[Task directions]: Using the entries below, output each line exactly from the first through the one that contains "text \<open>Gaussian measure".

Segment Start: Available data

(* Let $0=t_0<\dots<t_N=1$ and let $\mu^\star_{t_0},\dots,\mu^\star_{t_N}$ be Gaussian measures on $\mathbb{R}$. Consider the Gaussian E-spline problem: minimize $\int_0^1\|\nabla_{v_t}v_t\|^2_{L^2(\gamma_t)}\,dt$ over curves $(\gamma_t)$ of Gaussian measures on $\mathbb{R}$ with tangent velocity fields $(v_t)$, subject to $\gamma_{t_i}=\mu^\star_{t_i}$ for all $i$. If this problem has an optimal solution $(\gamma^\star_t)$ which is a non-degenerate Gaussian for all $t\in[0,1]$, then $(\gamma^\star_t)$ is also the solution of the (unconstrained) E-spline problem on $\mathcal P_2(\mathbb{R})$.
   Context: The E-spline problem on the 2-Wasserstein space $\mathcal P_2(\mathbb{R})$: minimize $\int_0^1\|\nabla_{v_t}v_t\|^2_{L^2(\mu_t)}\,dt$ over curves $(\mu_t)$ in $\mathcal P_2(\mathbb{R})$ with tangent velocity fields $(v_t)$, subject to $\mu_{t_i}=\mu^\star_{t_i}$. Through the isometric embedding $\mu\mapsto F^{-1}_\mu$ (quantile function) of $\mathcal P_2(\mathbb{R})$ into $L^2[0,1]$, where the tangent field satisfies $\partial_tF^{-1}_{\mu_t}=v_t\circ F^{-1}_{\mu_t}$ and $\nabla_{v_t}v_t=\partial_tv_t+v_t'v_t$, the objective equals $\int_0^1\|\partial_t^2F^{-1}_{\mu_t}\|^2_{L^2[0,1]}dt$; this quantile formulation may be taken as the definition. *)

theory Defs
  imports "HOL-Probability.Probability"
begin

definition P2 :: "real measure \<Rightarrow> bool" where
  "P2 \<mu> \<longleftrightarrow> prob_space \<mu> \<and> sets \<mu> = sets borel \<and> integrable \<mu> (\<lambda>x. x\<^sup>2)"

definition quantile :: "real measure \<Rightarrow> real \<Rightarrow> real" where
  "quantile \<mu> u = Inf {x. u \<le> measure \<mu> {..x}}"

text \<open>Gaussian measure N(m, s^2); s = 0 gives the degenerate Dirac measure at m.\<close>
definition gaussian :: "real \<Rightarrow> real \<Rightarrow> real measure" where
  "gaussian m s = (if s = 0 then return borel m else density lborel (normal_density m s))"

definition is_gaussian :: "real measure \<Rightarrow> bool" where
  "is_gaussian \<mu> \<longleftrightarrow> (\<exists>m s. s \<ge> 0 \<and> \<mu> = gaussian m s)"

definition nondeg_gaussian :: "real measure \<Rightarrow> bool" where
  "nondeg_gaussian \<mu> \<longleftrightarrow> (\<exists>m s. s > 0 \<and> \<mu> = gaussian m s)"

text \<open>A curve (mu_t)_{t in [0,1]} in P_2(R) whose quantile curve t |-> F^{-1}_{mu_t}
  is twice differentiable in t (for every level u in (0,1)), with second time
  derivative A t u = d^2/dt^2 F^{-1}_{mu_t}(u).\<close>
definition admissible_curve :: "(real \<Rightarrow> real measure) \<Rightarrow> (real \<Rightarrow> real \<Rightarrow> real) \<Rightarrow> bool" where
  "admissible_curve \<mu> A \<longleftrightarrow>
     (\<forall>t\<in>{0..1}. P2 (\<mu> t)) \<and>
     (\<forall>u\<in>{0<..<1}. \<exists>V. \<forall>t\<in>{0..1}.
        ((\<lambda>s. quantile (\<mu> s) u) has_real_derivative V t) (at t within {0..1}) \<and>
        (V has_real_derivative A t u) (at t within {0..1}))"

definition espline_cost :: "(real \<Rightarrow> real \<Rightarrow> real) \<Rightarrow> ennreal" where
  "espline_cost A = (\<integral>\<^sup>+ t. (\<integral>\<^sup>+ u. ennreal ((A t u)\<^sup>2) \<partial>lebesgue_on {0<..<1}) \<partial>lebesgue_on {0..1})"

definition interpolates :: "(real \<Rightarrow> real measure) \<Rightarrow> nat \<Rightarrow> (nat \<Rightarrow> real) \<Rightarrow> (nat \<Rightarrow> real measure) \<Rightarrow> bool" where
  "interpolates \<mu> N tt \<mu>s \<longleftrightarrow> (\<forall>i\<le>N. \<mu> (tt i) = \<mu>s i)"

end

(*
  Let nu be any admissible curve through the data, with acceleration B. Fix levels
  u_1, ..., u_n in (0, 1) and, at every time t, fit the sampled quantiles F^-1_{nu_t}(u_k)
  by m_t + s_t Phi^-1(u_k) in the least-squares sense, Phi being the standard normal
  distribution function. By Chebyshev's sum inequality s_t >= 0, so t |-> N(m_t, s_t^2) is a
  Gaussian curve. It still interpolates the Gaussian data, because the fit reproduces affine
  data, and as the fit is linear its acceleration is the fit of the sampled accelerations
  B(t, u_k). The cost of a Gaussian curve is the integral of m''^2 + s''^2, and Bessel's
  inequality bounds this by (1 + O(eta)) h sum_k B(t, u_k)^2 as soon as the u_k are tags of a
  grid of mesh h on which the Riemann sums of Phi^-1 and (Phi^-1)^2 are eta-close to the
  moments 0 and 1. Choosing every u_k in its cell so that h sum_k int B(t, u_k)^2 dt exceeds
  the cost of nu by at most eta (which needs Tonelli, hence a jointly measurable version of B)
  shows that the optimal Gaussian cost is at most (1 + O(eta)) (cost of nu + eta).
  Letting eta -> 0 gives the claim.
*)

theory Submission
  imports Defs
begin

section \<open>Quantile functions\<close>

lemma P2_imp_cdf_distribution: "P2 \<mu> \<Longrightarrow> cdf_distribution \<mu>"
  unfolding P2_def cdf_distribution_def real_distribution_def real_distribution_axioms_def
  by auto

lemma quantile_le_iff:
  assumes "P2 \<mu>" "0 < u" "u < 1"
  shows "quantile \<mu> u \<le> x \<longleftrightarrow> u \<le> measure \<mu> {..x}"
proof -
  interpret cdf_distribution \<mu> using assms(1) by (rule P2_imp_cdf_distribution)
  show ?thesis using pseudoinverse[OF assms(2,3), of x]
    by (simp add: quantile_def cdf_def)
qed

lemma quantile_eqI:
  assumes "P2 \<mu>" "0 < u" "u < 1" "\<And>x. u \<le> measure \<mu> {..x} \<longleftrightarrow> q \<le> x"
  shows "quantile \<mu> u = q"
  using quantile_le_iff[OF assms(1-3)] assms(4) by (metis order.antisym order.refl)

lemma mono_on_quantile: "P2 \<mu> \<Longrightarrow> mono_on {0<..<1} (quantile \<mu>)"
proof -
  assume "P2 \<mu>"
  then interpret cdf_distribution \<mu> by (rule P2_imp_cdf_distribution)
  show ?thesis using mono_I unfolding quantile_def cdf_def .
qed

lemma borel_measurable_quantile:
  "P2 \<mu> \<Longrightarrow> quantile \<mu> \<in> borel_measurable (restrict_space lborel {0<..<1})"
  using borel_measurable_mono_on_fnc[OF mono_on_quantile]
  by (simp add: measurable_cong_sets[OF sets_restrict_space_cong[OF sets_lborel] refl])

lemma borel_measurable_indicator_quantile:
  assumes "P2 \<mu>"
  shows "(\<lambda>u. indicator {0<..<1} u * quantile \<mu> u) \<in> borel_measurable lborel"
proof -
  have "(\<lambda>u. if u \<in> {0<..<1} then quantile \<mu> u else 0) \<in> borel_measurable borel"
    using borel_measurable_mono_on_fnc[OF mono_on_quantile[OF assms]]
    by (subst measurable_restrict_space_iff[symmetric]) auto
  then show ?thesis by (simp add: indicator_times_eq_if)
qed

lemma distr_quantile:
  "P2 \<mu> \<Longrightarrow> distr (restrict_space lborel {0<..<1}) borel (quantile \<mu>) = \<mu>"
proof -
  assume "P2 \<mu>"
  then interpret cdf_distribution \<mu> by (rule P2_imp_cdf_distribution)
  show ?thesis using distr_I_eq_M unfolding quantile_def cdf_def .
qed

lemma nn_integral_quantile:
  assumes \<mu>: "P2 \<mu>" and g: "g \<in> borel_measurable borel"
  shows "(\<integral>\<^sup>+u. g (quantile \<mu> u) \<partial>lebesgue_on {0<..<1}) = (\<integral>\<^sup>+x. g x \<partial>\<mu>)"
proof -
  let ?R = "restrict_space lborel {0<..<1::real}"
  have "(\<integral>\<^sup>+u. g (quantile \<mu> u) \<partial>lebesgue_on {0<..<1})
      = (\<integral>\<^sup>+u. g (quantile \<mu> u) * indicator {0<..<1} u \<partial>lebesgue)"
    by (rule nn_integral_restrict_space) simp
  also have "\<dots> = (\<integral>\<^sup>+u. g (quantile \<mu> u) * indicator {0<..<1} u \<partial>lborel)"
    by (rule nn_integral_completion)
  also have "\<dots> = (\<integral>\<^sup>+u. g (quantile \<mu> u) \<partial>?R)"
    by (rule nn_integral_restrict_space[symmetric]) simp
  also have "\<dots> = (\<integral>\<^sup>+x. g x \<partial>distr ?R borel (quantile \<mu>))"
    by (rule nn_integral_distr[symmetric]) (use borel_measurable_quantile[OF \<mu>] g in auto)
  finally show ?thesis unfolding distr_quantile[OF \<mu>] .
qed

Segment End: Available data

[Solution for this problem]:
(* Let $0=t_0<\dots<t_N=1$ and let $\mu^\star_{t_0},\dots,\mu^\star_{t_N}$ be Gaussian measures on $\mathbb{R}$. Consider the Gaussian E-spline problem: minimize $\int_0^1\|\nabla_{v_t}v_t\|^2_{L^2(\gamma_t)}\,dt$ over curves $(\gamma_t)$ of Gaussian measures on $\mathbb{R}$ with tangent velocity fields $(v_t)$, subject to $\gamma_{t_i}=\mu^\star_{t_i}$ for all $i$. If this problem has an optimal solution $(\gamma^\star_t)$ which is a non-degenerate Gaussian for all $t\in[0,1]$, then $(\gamma^\star_t)$ is also the solution of the (unconstrained) E-spline problem on $\mathcal P_2(\mathbb{R})$.
   Context: The E-spline problem on the 2-Wasserstein space $\mathcal P_2(\mathbb{R})$: minimize $\int_0^1\|\nabla_{v_t}v_t\|^2_{L^2(\mu_t)}\,dt$ over curves $(\mu_t)$ in $\mathcal P_2(\mathbb{R})$ with tangent velocity fields $(v_t)$, subject to $\mu_{t_i}=\mu^\star_{t_i}$. Through the isometric embedding $\mu\mapsto F^{-1}_\mu$ (quantile function) of $\mathcal P_2(\mathbb{R})$ into $L^2[0,1]$, where the tangent field satisfies $\partial_tF^{-1}_{\mu_t}=v_t\circ F^{-1}_{\mu_t}$ and $\nabla_{v_t}v_t=\partial_tv_t+v_t'v_t$, the objective equals $\int_0^1\|\partial_t^2F^{-1}_{\mu_t}\|^2_{L^2[0,1]}dt$; this quantile formulation may be taken as the definition. *)

theory Defs
  imports "HOL-Probability.Probability"
begin

definition P2 :: "real measure \<Rightarrow> bool" where
  "P2 \<mu> \<longleftrightarrow> prob_space \<mu> \<and> sets \<mu> = sets borel \<and> integrable \<mu> (\<lambda>x. x\<^sup>2)"

definition quantile :: "real measure \<Rightarrow> real \<Rightarrow> real" where
  "quantile \<mu> u = Inf {x. u \<le> measure \<mu> {..x}}"

text \<open>Gaussian measure N(m, s^2); s = 0 gives the degenerate Dirac measure at m.\<close>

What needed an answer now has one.